Supplied data START

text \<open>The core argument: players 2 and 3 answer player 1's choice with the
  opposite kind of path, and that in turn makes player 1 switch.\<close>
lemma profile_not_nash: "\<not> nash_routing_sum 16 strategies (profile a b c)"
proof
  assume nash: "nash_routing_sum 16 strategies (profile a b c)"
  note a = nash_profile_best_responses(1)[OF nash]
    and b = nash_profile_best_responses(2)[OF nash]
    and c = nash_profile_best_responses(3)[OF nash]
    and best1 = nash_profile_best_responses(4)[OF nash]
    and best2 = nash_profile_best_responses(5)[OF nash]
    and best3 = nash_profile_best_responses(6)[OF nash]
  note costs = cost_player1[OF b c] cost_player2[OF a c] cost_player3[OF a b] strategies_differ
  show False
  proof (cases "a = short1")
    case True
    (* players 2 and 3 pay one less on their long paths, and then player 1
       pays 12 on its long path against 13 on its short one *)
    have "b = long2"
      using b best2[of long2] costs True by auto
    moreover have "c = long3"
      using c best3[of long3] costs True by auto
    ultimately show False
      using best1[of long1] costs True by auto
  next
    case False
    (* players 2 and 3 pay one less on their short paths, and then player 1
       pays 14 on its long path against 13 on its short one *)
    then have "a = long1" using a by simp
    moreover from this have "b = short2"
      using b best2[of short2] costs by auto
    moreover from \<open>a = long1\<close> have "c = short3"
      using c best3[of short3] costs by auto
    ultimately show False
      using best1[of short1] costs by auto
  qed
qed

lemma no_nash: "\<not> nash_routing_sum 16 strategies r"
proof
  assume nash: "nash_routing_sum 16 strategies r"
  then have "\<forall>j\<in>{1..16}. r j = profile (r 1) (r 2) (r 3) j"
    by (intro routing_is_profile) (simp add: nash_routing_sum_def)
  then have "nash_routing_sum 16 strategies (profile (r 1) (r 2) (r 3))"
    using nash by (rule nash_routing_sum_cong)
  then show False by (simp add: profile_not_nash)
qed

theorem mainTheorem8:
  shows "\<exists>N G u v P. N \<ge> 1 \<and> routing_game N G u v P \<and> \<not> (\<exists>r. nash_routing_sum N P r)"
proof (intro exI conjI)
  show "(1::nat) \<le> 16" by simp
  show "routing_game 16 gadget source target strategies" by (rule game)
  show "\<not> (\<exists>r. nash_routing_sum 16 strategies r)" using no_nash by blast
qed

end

Supplied data END

**About this exercise**:
In the records above, find each line that holds the word "exists"; copy all such lines.

**Exercise result**:
  shows "\<exists>N G u v P. N \<ge> 1 \<and> routing_game N G u v P \<and> \<not> (\<exists>r. nash_routing_sum N P r)"
  show "\<not> (\<exists>r. nash_routing_sum 16 strategies r)" using no_nash by blast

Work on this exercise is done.